▸ **Given entries**:

────────

lemma sierp2_shortest_path_cases:
  assumes "i < p" "j < p" "k < p" "l < p" "i \<noteq> k"
    and "shortest_path (V2 p) (E2 p) [i, j] [k, l] P"
  shows "P = bridge_path i j k l \<or> j = l \<and> j \<noteq> i \<and> j \<noteq> k \<and> P = [[i, j], [j, i], [j, k], [k, j]]"
proof -
  have "walk_between (V2 p) (E2 p) [i, j] [k, l] P"
    using assms(6) by (simp add: shortest_path_def)
  moreover have "length P \<le> length (bridge_path i j k l)"
    using shortest_path_length_le[OF assms(6) walk_between_bridge_path[OF assms(1-5)]] .
  ultimately show ?thesis using sierp2_short_walk_cases[OF assms(5)] by blast
qed

lemma sierp2_shortest_path_same_copy:
  assumes "i < p" "j < p" "l < p"
  shows "\<exists>P. shortest_path (V2 p) (E2 p) [i, j] [i, l] P \<and> set P \<subseteq> {[i, j], [i, l]}"
proof -
  have "shortest_path (V2 p) (E2 p) [i, j] [i, l] (remdups [[i, j], [i, l]])"
  proof (rule shortest_pathI)
    show "walk_between (V2 p) (E2 p) [i, j] [i, l] (remdups [[i, j], [i, l]])"
      using assms by (auto simp: walk_between_def sierp2_vertex_iff sierp2_adj_iff)
    fix Q assume "walk_between (V2 p) (E2 p) [i, j] [i, l] Q"
    then show "length (remdups [[i, j], [i, l]]) \<le> length Q"
      by (cases Q) (auto simp: walk_between_def is_walk_def Suc_le_eq)
  qed
  then show ?thesis by (intro exI[of _ "remdups [[i, j], [i, l]]"]) auto
qed

lemma mutual_visibility_set_sierp2_subset:
  "mutual_visibility_set (V2 p) (E2 p) X \<Longrightarrow> X \<subseteq> V2 p"
  by (simp add: mutual_visibility_set_def)

lemma mutual_visibility_set_bridge:
  assumes X: "mutual_visibility_set (V2 p) (E2 p) X"
    and "[i, j] \<in> X" "[k, l] \<in> X" "i \<noteq> k"
  shows "(j \<noteq> k \<longrightarrow> [i, k] \<notin> X) \<and> (l \<noteq> i \<longrightarrow> [k, i] \<notin> X)
    \<or> j = l \<and> j \<noteq> i \<and> j \<noteq> k \<and> [j, i] \<notin> X \<and> [j, k] \<notin> X"
proof -
  have "i < p" "j < p" "k < p" "l < p"
    using assms(2,3) mutual_visibility_set_sierp2_subset[OF X] by (auto simp: sierp2_vertex_iff)
  moreover obtain P where "shortest_path (V2 p) (E2 p) [i, j] [k, l] P"
    and "set P \<inter> X \<subseteq> {[i, j], [k, l]}"
    using X assms(2,3) unfolding mutual_visibility_set_def X_visible_def by blast
  ultimately show ?thesis
    using sierp2_shortest_path_cases[of i p j k l P] \<open>i \<noteq> k\<close>
    by (auto simp: bridge_path_def split: if_splits)
qed

definition row :: "nat list set \<Rightarrow> nat \<Rightarrow> nat set" where
  "row X i = {j. [i, j] \<in> X}"

definition occupied :: "nat list set \<Rightarrow> nat set" where
  "occupied X = {i. row X i \<noteq> {}}"

lemma row_subset: "X \<subseteq> V2 p \<Longrightarrow> row X i \<subseteq> {0..<p}"
  by (auto simp: row_def sierp2_vertex_iff)

lemma occupied_subset: "X \<subseteq> V2 p \<Longrightarrow> occupied X \<subseteq> {0..<p}"
  by (auto simp: occupied_def row_def sierp2_vertex_iff)

lemma finite_occupied: "X \<subseteq> V2 p \<Longrightarrow> finite (occupied X)"
  using finite_subset[OF occupied_subset] by blast

lemma card_occupied_le: "X \<subseteq> V2 p \<Longrightarrow> card (occupied X) \<le> p"
  using card_mono[OF _ occupied_subset] by fastforce

lemma sierp2_set_eqI:
  assumes "X \<subseteq> V2 p" "Y \<subseteq> V2 p" "\<And>i. row X i = row Y i"
  shows "X = Y"
proof -
  have "x \<in> X \<longleftrightarrow> x \<in> Y" if "x \<in> V2 p" for x
    using that assms(3) by (auto simp: sierp2_vertex_iff row_def set_eq_iff)
  then show ?thesis using assms(1,2) by blast
qed

lemma card_eq_sum_card_row:
  assumes "X \<subseteq> V2 p"
  shows "card X = (\<Sum>i\<in>occupied X. card (row X i))"
proof -
  have X_eq: "X = (\<lambda>(i, j). [i, j]) ` (SIGMA i:occupied X. row X i)"
    using assms by (force simp: occupied_def row_def sierp2_vertex_iff)
  have "inj_on (\<lambda>(i, j). [i :: nat, j]) (SIGMA i:occupied X. row X i)"
    by (auto simp: inj_on_def)
  then have "card X = card (SIGMA i:occupied X. row X i)"
    by (subst X_eq) (rule card_image)
  also have "\<dots> = (\<Sum>i\<in>occupied X. card (row X i))"
    using finite_occupied[OF assms] finite_subset[OF row_subset[OF assms]] by simp
  finally show ?thesis .
qed

(* ik \<in> X blocks the bridge path from ij to any kl \<in> X when j \<noteq> k, so the detour ij, ji, jk, kj
   through copy j is needed; this leaves no room in the rows of k and j. *)
lemma row_with_occupied_letter:
  assumes X: "mutual_visibility_set (V2 p) (E2 p) X"
    and "i \<noteq> k" "k \<in> row X i" "k \<in> occupied X" "card (row X i) \<ge> 2"
  shows "\<exists>j. j \<noteq> k \<and> row X i = {k, j} \<and> row X k = {j} \<and> row X j = {}"
proof -
  have ikX: "[i, k] \<in> X" using assms(3) by (simp add: row_def)
  have forced: "j = l \<and> [j, k] \<notin> X" if "j \<in> row X i" "j \<noteq> k" "l \<in> row X k" for j l
    using mutual_visibility_set_bridge[OF X _ _ \<open>i \<noteq> k\<close>, of j l] that ikX by (auto simp: row_def)
  have "\<not> row X i \<subseteq> {k}"
    using card_mono[of "{k}" "row X i"] assms(5) by auto
  then obtain j where j: "j \<in> row X i" "j \<noteq> k" by auto
  obtain l where l: "l \<in> row X k" using assms(4) by (auto simp: occupied_def)
  have row_k: "row X k = {j}" using forced[OF j] l by auto
  have row_i: "row X i = {k, j}" using forced row_k assms(3) j by auto
  have "i \<noteq> j"
    using mutual_visibility_set_bridge[OF X, of i j k l] ikX row_k l forced[OF j l]
    by (auto simp: row_def)
  moreover have "[i, j] \<in> X" "[k, j] \<in> X" using row_i row_k by (auto simp: row_def)
  ultimately have "row X j = {}"
    using mutual_visibility_set_bridge[OF X ikX _ \<open>i \<noteq> j\<close>] j(2) by (auto simp: row_def)
  with row_i row_k j show ?thesis by blast
qed

lemma card_row_le:
  assumes X: "mutual_visibility_set (V2 p) (E2 p) X" and "i \<in> occupied X"
  shows "card (row X i) \<le> p + 1 - card (occupied X)"
proof -
  have XV: "X \<subseteq> V2 p" using mutual_visibility_set_sierp2_subset[OF X] .
  have fin: "finite (occupied X)" using finite_occupied[OF XV] .
  have s_le: "card (occupied X) \<le> p" using card_occupied_le[OF XV] .
  show ?thesis
  proof (cases "row X i \<subseteq> ({0..<p} - occupied X) \<union> {i}")
    case True
    have "card (row X i) \<le> card ({0..<p} - occupied X) + card {i}"
      using card_mono[OF _ True] card_Un_le[of "{0..<p} - occupied X" "{i}"] by simp
    also have "\<dots> = p - card (occupied X) + 1"
      using occupied_subset[OF XV] fin by (simp add: card_Diff_subset)
    finally show ?thesis using s_le by simp
  next
    case False
    then obtain k where k: "k \<in> row X i" "k \<in> occupied X" "k \<noteq> i"
      using row_subset[OF XV] by auto
    show ?thesis
    proof (cases "card (row X i) \<ge> 2")
      case True
      from row_with_occupied_letter[OF X k(3)[symmetric] k(1,2) True] obtain j
        where j: "j \<noteq> k" "row X i = {k, j}" "row X j = {}" by blast
      have "j < p" using row_subset[OF XV, of i] j(2) by auto
      have "occupied X \<subseteq> {0..<p} - {j}"
        using occupied_subset[OF XV] j(3) by (auto simp: occupied_def)
      then have "card (occupied X) \<le> p - 1"
        using card_mono[of "{0..<p} - {j}"] \<open>j < p\<close> by fastforce
      then show ?thesis using j(1,2) \<open>j < p\<close> by simp
    qed (use s_le in simp)
  qed
qed

lemma card_mutual_visibility_set_le:
  assumes X: "mutual_visibility_set (V2 p) (E2 p) X"
  shows "card X \<le> card (occupied X) * (p + 1 - card (occupied X))"
proof -
  have "card X = (\<Sum>i\<in>occupied X. card (row X i))"
    using card_eq_sum_card_row[OF mutual_visibility_set_sierp2_subset[OF X]] .
  also have "\<dots> \<le> card (occupied X) * (p + 1 - card (occupied X))"
    using sum_bounded_above[of "occupied X" "\<lambda>i. card (row X i)"] card_row_le[OF X] by simp
  finally show ?thesis .
qed

definition canonical_set :: "nat \<Rightarrow> nat set \<Rightarrow> nat list set" where
  "canonical_set p S = {[i, j] | i j. i \<in> S \<and> j < p \<and> (j \<notin> S \<or> j = i)}"

lemma canonical_set_subset: "S \<subseteq> {0..<p} \<Longrightarrow> canonical_set p S \<subseteq> V2 p"
  by (auto simp: canonical_set_def sierp2_vertex_iff)

lemma row_canonical_set:
  "S \<subseteq> {0..<p} \<Longrightarrow> row (canonical_set p S) i = (if i \<in> S then insert i ({0..<p} - S) else {})"
  by (auto simp: row_def canonical_set_def)

lemma occupied_canonical_set: "S \<subseteq> {0..<p} \<Longrightarrow> occupied (canonical_set p S) = S"
  by (auto simp: occupied_def row_canonical_set)

lemma card_insert_diff_atLeastLessThan:
  assumes "S \<subseteq> {0..<p}" "i \<in> S"
  shows "card (insert i ({0..<p} - S)) = p + 1 - card S"
proof -
  have "card S \<le> p" using card_mono[OF _ assms(1)] by simp
  moreover have "card (insert i ({0..<p} - S)) = card ({0..<p} - S) + 1"
    using assms(2) by simp
  moreover have "card ({0..<p} - S) = p - card S"
    using assms(1) finite_subset[OF assms(1)] by (simp add: card_Diff_subset)
  ultimately show ?thesis by simp
qed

────────

▸ **Task instructions**: Write out the records above exactly, from the opening line to the line with "proof (rule shortest_pathI)", including both, with nothing added.

▸ **Task response**:
lemma sierp2_shortest_path_cases:
  assumes "i < p" "j < p" "k < p" "l < p" "i \<noteq> k"
    and "shortest_path (V2 p) (E2 p) [i, j] [k, l] P"
  shows "P = bridge_path i j k l \<or> j = l \<and> j \<noteq> i \<and> j \<noteq> k \<and> P = [[i, j], [j, i], [j, k], [k, j]]"
proof -
  have "walk_between (V2 p) (E2 p) [i, j] [k, l] P"
    using assms(6) by (simp add: shortest_path_def)
  moreover have "length P \<le> length (bridge_path i j k l)"
    using shortest_path_length_le[OF assms(6) walk_between_bridge_path[OF assms(1-5)]] .
  ultimately show ?thesis using sierp2_short_walk_cases[OF assms(5)] by blast
qed

lemma sierp2_shortest_path_same_copy:
  assumes "i < p" "j < p" "l < p"
  shows "\<exists>P. shortest_path (V2 p) (E2 p) [i, j] [i, l] P \<and> set P \<subseteq> {[i, j], [i, l]}"
proof -
  have "shortest_path (V2 p) (E2 p) [i, j] [i, l] (remdups [[i, j], [i, l]])"
  proof (rule shortest_pathI)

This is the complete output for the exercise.